From the entries below, output the line with "n = real (n" and each following line up to and including the line with "n by linarith+", exactly as written.

## Stored data entries
Start of Block
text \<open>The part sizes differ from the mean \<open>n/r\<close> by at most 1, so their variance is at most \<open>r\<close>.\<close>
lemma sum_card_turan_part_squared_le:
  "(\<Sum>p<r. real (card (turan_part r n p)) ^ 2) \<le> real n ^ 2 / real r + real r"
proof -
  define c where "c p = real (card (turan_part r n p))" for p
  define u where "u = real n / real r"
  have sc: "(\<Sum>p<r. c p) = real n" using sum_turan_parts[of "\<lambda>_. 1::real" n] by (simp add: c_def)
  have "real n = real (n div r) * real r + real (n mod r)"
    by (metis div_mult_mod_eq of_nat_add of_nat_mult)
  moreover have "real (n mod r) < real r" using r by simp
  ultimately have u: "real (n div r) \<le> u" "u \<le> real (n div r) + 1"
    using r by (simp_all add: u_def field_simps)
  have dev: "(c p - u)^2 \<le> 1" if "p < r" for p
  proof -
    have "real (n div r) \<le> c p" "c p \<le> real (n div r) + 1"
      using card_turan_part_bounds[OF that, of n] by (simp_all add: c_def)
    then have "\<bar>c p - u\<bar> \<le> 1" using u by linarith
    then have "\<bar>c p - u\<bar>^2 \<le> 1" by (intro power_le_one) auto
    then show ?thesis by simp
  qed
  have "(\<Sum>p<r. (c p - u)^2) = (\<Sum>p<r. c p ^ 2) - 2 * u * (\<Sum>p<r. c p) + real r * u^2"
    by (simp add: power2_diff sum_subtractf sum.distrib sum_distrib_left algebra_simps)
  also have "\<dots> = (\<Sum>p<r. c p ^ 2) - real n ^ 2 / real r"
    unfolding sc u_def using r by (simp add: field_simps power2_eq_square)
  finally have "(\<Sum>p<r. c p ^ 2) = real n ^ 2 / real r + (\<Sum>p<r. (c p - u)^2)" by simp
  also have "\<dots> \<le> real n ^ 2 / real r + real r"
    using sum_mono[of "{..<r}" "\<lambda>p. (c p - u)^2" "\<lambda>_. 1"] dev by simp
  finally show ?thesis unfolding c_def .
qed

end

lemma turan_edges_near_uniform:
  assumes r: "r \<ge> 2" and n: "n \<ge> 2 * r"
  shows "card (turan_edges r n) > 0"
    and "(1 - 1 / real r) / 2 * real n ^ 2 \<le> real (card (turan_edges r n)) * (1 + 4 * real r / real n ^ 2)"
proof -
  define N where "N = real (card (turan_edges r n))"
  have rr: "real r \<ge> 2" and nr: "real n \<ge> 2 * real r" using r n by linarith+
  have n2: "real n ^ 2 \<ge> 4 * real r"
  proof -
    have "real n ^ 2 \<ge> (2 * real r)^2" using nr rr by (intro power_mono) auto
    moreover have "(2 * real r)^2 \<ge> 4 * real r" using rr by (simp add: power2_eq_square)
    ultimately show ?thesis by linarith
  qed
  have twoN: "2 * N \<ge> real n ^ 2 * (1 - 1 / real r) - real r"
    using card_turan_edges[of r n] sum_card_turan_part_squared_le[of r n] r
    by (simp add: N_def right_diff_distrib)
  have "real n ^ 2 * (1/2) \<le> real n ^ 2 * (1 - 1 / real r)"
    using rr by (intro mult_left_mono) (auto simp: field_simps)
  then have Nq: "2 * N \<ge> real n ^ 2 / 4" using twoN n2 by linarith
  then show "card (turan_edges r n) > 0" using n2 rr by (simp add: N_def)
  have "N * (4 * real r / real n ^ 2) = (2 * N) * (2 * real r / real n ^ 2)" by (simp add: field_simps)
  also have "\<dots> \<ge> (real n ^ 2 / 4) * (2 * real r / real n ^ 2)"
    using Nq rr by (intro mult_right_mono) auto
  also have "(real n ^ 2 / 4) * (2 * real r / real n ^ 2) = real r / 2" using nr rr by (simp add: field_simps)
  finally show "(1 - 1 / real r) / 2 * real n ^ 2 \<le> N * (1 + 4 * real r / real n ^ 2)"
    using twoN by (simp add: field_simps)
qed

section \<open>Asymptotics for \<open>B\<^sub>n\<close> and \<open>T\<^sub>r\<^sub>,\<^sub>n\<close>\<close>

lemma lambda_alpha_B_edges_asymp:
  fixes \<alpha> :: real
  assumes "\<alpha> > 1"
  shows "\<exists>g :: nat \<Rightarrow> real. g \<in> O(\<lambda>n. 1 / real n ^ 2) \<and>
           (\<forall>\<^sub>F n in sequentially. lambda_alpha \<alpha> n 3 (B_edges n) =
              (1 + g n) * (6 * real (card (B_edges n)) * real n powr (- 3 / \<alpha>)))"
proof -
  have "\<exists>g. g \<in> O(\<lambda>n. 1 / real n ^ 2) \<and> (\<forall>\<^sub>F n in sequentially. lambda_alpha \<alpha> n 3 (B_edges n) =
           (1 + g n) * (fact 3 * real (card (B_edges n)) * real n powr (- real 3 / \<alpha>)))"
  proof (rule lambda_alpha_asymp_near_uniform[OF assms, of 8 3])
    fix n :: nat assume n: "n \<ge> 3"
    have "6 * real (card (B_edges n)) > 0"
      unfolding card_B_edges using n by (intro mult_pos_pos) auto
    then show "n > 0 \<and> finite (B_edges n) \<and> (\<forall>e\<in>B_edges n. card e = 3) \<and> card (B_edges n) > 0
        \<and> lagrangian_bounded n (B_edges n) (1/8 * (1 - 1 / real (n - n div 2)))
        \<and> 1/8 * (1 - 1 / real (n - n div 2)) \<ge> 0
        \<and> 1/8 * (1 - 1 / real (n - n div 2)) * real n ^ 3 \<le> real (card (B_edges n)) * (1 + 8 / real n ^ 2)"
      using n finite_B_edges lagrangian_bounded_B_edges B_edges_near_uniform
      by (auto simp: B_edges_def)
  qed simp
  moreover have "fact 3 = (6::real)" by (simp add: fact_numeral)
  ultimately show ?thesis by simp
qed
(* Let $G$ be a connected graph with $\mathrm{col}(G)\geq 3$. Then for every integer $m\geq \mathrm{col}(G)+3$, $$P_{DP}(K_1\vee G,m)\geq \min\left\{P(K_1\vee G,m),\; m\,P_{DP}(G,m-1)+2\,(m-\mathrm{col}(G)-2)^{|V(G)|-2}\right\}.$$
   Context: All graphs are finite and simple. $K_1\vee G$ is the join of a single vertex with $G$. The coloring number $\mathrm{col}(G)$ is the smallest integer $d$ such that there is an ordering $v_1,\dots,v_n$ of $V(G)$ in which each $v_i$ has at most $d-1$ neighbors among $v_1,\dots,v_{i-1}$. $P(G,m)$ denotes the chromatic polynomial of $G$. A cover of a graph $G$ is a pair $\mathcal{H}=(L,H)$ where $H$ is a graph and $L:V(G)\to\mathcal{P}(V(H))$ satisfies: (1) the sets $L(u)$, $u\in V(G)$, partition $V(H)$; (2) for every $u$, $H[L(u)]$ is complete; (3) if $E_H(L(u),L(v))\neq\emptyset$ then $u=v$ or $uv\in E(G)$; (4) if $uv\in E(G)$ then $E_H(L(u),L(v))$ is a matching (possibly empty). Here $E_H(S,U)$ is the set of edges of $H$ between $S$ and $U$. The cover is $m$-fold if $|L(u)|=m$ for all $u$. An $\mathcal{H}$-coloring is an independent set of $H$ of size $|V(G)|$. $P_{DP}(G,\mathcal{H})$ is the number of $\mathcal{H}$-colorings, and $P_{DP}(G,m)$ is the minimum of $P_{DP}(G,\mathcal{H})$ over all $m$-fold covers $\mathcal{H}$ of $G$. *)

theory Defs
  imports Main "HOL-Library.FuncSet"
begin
End of Block
## RESULT OF THIS TASK
  have "real n = real (n div r) * real r + real (n mod r)"
    by (metis div_mult_mod_eq of_nat_add of_nat_mult)
  moreover have "real (n mod r) < real r" using r by simp
  ultimately have u: "real (n div r) \<le> u" "u \<le> real (n div r) + 1"
    using r by (simp_all add: u_def field_simps)
  have dev: "(c p - u)^2 \<le> 1" if "p < r" for p
  proof -
    have "real (n div r) \<le> c p" "c p \<le> real (n div r) + 1"
      using card_turan_part_bounds[OF that, of n] by (simp_all add: c_def)
    then have "\<bar>c p - u\<bar> \<le> 1" using u by linarith
    then have "\<bar>c p - u\<bar>^2 \<le> 1" by (intro power_le_one) auto
    then show ?thesis by simp
  qed
  have "(\<Sum>p<r. (c p - u)^2) = (\<Sum>p<r. c p ^ 2) - 2 * u * (\<Sum>p<r. c p) + real r * u^2"
    by (simp add: power2_diff sum_subtractf sum.distrib sum_distrib_left algebra_simps)
  also have "\<dots> = (\<Sum>p<r. c p ^ 2) - real n ^ 2 / real r"
    unfolding sc u_def using r by (simp add: field_simps power2_eq_square)
  finally have "(\<Sum>p<r. c p ^ 2) = real n ^ 2 / real r + (\<Sum>p<r. (c p - u)^2)" by simp
  also have "\<dots> \<le> real n ^ 2 / real r + real r"
    using sum_mono[of "{..<r}" "\<lambda>p. (c p - u)^2" "\<lambda>_. 1"] dev by simp
  finally show ?thesis unfolding c_def .
qed

end

lemma turan_edges_near_uniform:
  assumes r: "r \<ge> 2" and n: "n \<ge> 2 * r"
  shows "card (turan_edges r n) > 0"
    and "(1 - 1 / real r) / 2 * real n ^ 2 \<le> real (card (turan_edges r n)) * (1 + 4 * real r / real n ^ 2)"
proof -
  define N where "N = real (card (turan_edges r n))"
  have rr: "real r \<ge> 2" and nr: "real n \<ge> 2 * real r" using r n by linarith+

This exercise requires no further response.